Clinical-stage biotechnology company Centivax Inc announced on Thursday that the first participants have been dosed in the company's Phase 1A clinical trial evaluating Centi-Flu 01, a pan-influenza universal flu vaccine, in healthy volunteers.
The trial is a randomised, double-blind, placebo-controlled, dose escalation study with an open-label active-controlled phase, to evaluate the safety and immunogenicity of Centi-Flu 01 in healthy adults 18-64 years of age, and those 65 and older.
According to Centivax, Phase 1A represents a key milestone toward a new kind of flu vaccine designed to provide broader, more reliable protection than standard seasonal vaccines -- protecting against currently circulating strains, future strains, and pandemic strains.

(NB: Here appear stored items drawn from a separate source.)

lemma closed_subspace_nearest_point:
  fixes V :: "'a::{real_inner, complete_space} set"
  assumes V: "subspace V" "closed V"
  obtains p where "p \<in> V" "\<And>v. v \<in> V \<Longrightarrow> norm (y - p) \<le> norm (y - v)"
proof -
  define d where "d = (INF v\<in>V. (norm (y - v))\<^sup>2)"
  have bdd: "bdd_below ((\<lambda>v. (norm (y - v))\<^sup>2) ` V)"
    by (rule bdd_belowI[where m = 0]) auto
  have d_le: "d \<le> (norm (y - v))\<^sup>2" if "v \<in> V" for v
    unfolding d_def by (rule cINF_lower[OF bdd that])
  have "V \<noteq> {}" using V(1) subspace_0 by blast
  have "\<exists>v. v \<in> V \<and> (norm (y - v))\<^sup>2 < d + 1 / Suc n" for n
  proof -
    have "d < d + 1 / Suc n" by simp
    then show ?thesis using cINF_less_iff[OF \<open>V \<noteq> {}\<close> bdd] unfolding d_def by blast
  qed
  then obtain v where "\<forall>n. v n \<in> V \<and> (norm (y - v n))\<^sup>2 < d + 1 / Suc n"
    using choice[of "\<lambda>n v. v \<in> V \<and> (norm (y - v))\<^sup>2 < d + 1 / Suc n"] by blast
  then have v: "\<And>n. v n \<in> V" "\<And>n. (norm (y - v n))\<^sup>2 < d + 1 / Suc n" by simp_all
  have v_close: "(dist (v m) (v n))\<^sup>2 \<le> 2 * (1 / Suc m) + 2 * (1 / Suc n)" for m n
  proof -
    have "(1/2) *\<^sub>R (v m + v n) \<in> V"
      using V(1) v(1) by (simp add: subspace_add subspace_mul)
    then have "d \<le> (norm (y - (1/2) *\<^sub>R (v m + v n)))\<^sup>2" by (rule d_le)
    then show ?thesis
      using parallelogram_midpoint[of "v m" "v n" y] v(2)[of m] v(2)[of n]
      unfolding dist_norm by linarith
  qed
  have "Cauchy v"
  proof (rule metric_CauchyI)
    fix e :: real
    assume "e > 0"
    obtain N where "4 / e\<^sup>2 < real N"
      using reals_Archimedean2 by blast
    then have N: "4 / e\<^sup>2 < Suc N" by simp
    have "dist (v m) (v n) < e" if "m \<ge> N" "n \<ge> N" for m n
    proof -
      have "1 / real (Suc m) \<le> 1 / Suc N" "1 / real (Suc n) \<le> 1 / Suc N"
        using that by (simp_all add: frac_le)
      moreover have "4 * (1 / real (Suc N)) < e\<^sup>2"
        using N \<open>e > 0\<close> by (simp add: field_simps)
      ultimately have "(dist (v m) (v n))\<^sup>2 < e\<^sup>2"
        using v_close[of m n] by linarith
      then show ?thesis
        by (rule power_less_imp_less_base) (use \<open>e > 0\<close> in simp)
    qed
    then show "\<exists>M. \<forall>m\<ge>M. \<forall>n\<ge>M. dist (v m) (v n) < e" by blast
  qed
  then obtain p where lim: "v \<longlonglongrightarrow> p"
    using Cauchy_convergent_iff convergent_def by blast
  have "p \<in> V" by (rule closed_sequentially[OF V(2) v(1) lim])
  moreover have p: "(norm (y - p))\<^sup>2 \<le> d"
  proof (rule tendsto_le[OF trivial_limit_sequentially])
    show "(\<lambda>n. d + 1 / Suc n) \<longlonglongrightarrow> d"
      using tendsto_add[OF tendsto_const[of d] LIMSEQ_inverse_real_of_nat]
      by (simp add: inverse_eq_divide)
    show "(\<lambda>n. (norm (y - v n))\<^sup>2) \<longlonglongrightarrow> (norm (y - p))\<^sup>2"
      by (intro tendsto_intros lim)
  qed (use v(2) in \<open>simp add: less_imp_le\<close>)
  moreover have "norm (y - p) \<le> norm (y - w)" if "w \<in> V" for w
  proof (rule power2_le_imp_le)
    show "(norm (y - p))\<^sup>2 \<le> (norm (y - w))\<^sup>2" using p d_le[OF that] by linarith
  qed simp
  ultimately show ?thesis using that by blast
qed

Unlike conventional seasonal influenza vaccines, which must be reformulated annually to attempt to match predicted circulating strains, Centi-Flu 01 is designed to focus both antibody and cellular immune responses on conserved regions of the influenza virus that cannot mutate and are shared across strains and distance subtypes. This approach aims to generate broad, consistent, and durable immunity against both seasonal and pandemic influenza.
Sawsan Youssef, PhD, Centivax founder and chief science officer, said: "For decades, flu vaccination has been reactive. A universal influenza vaccine allows us to be proactive -- moving from annual guesswork to predictable durable response."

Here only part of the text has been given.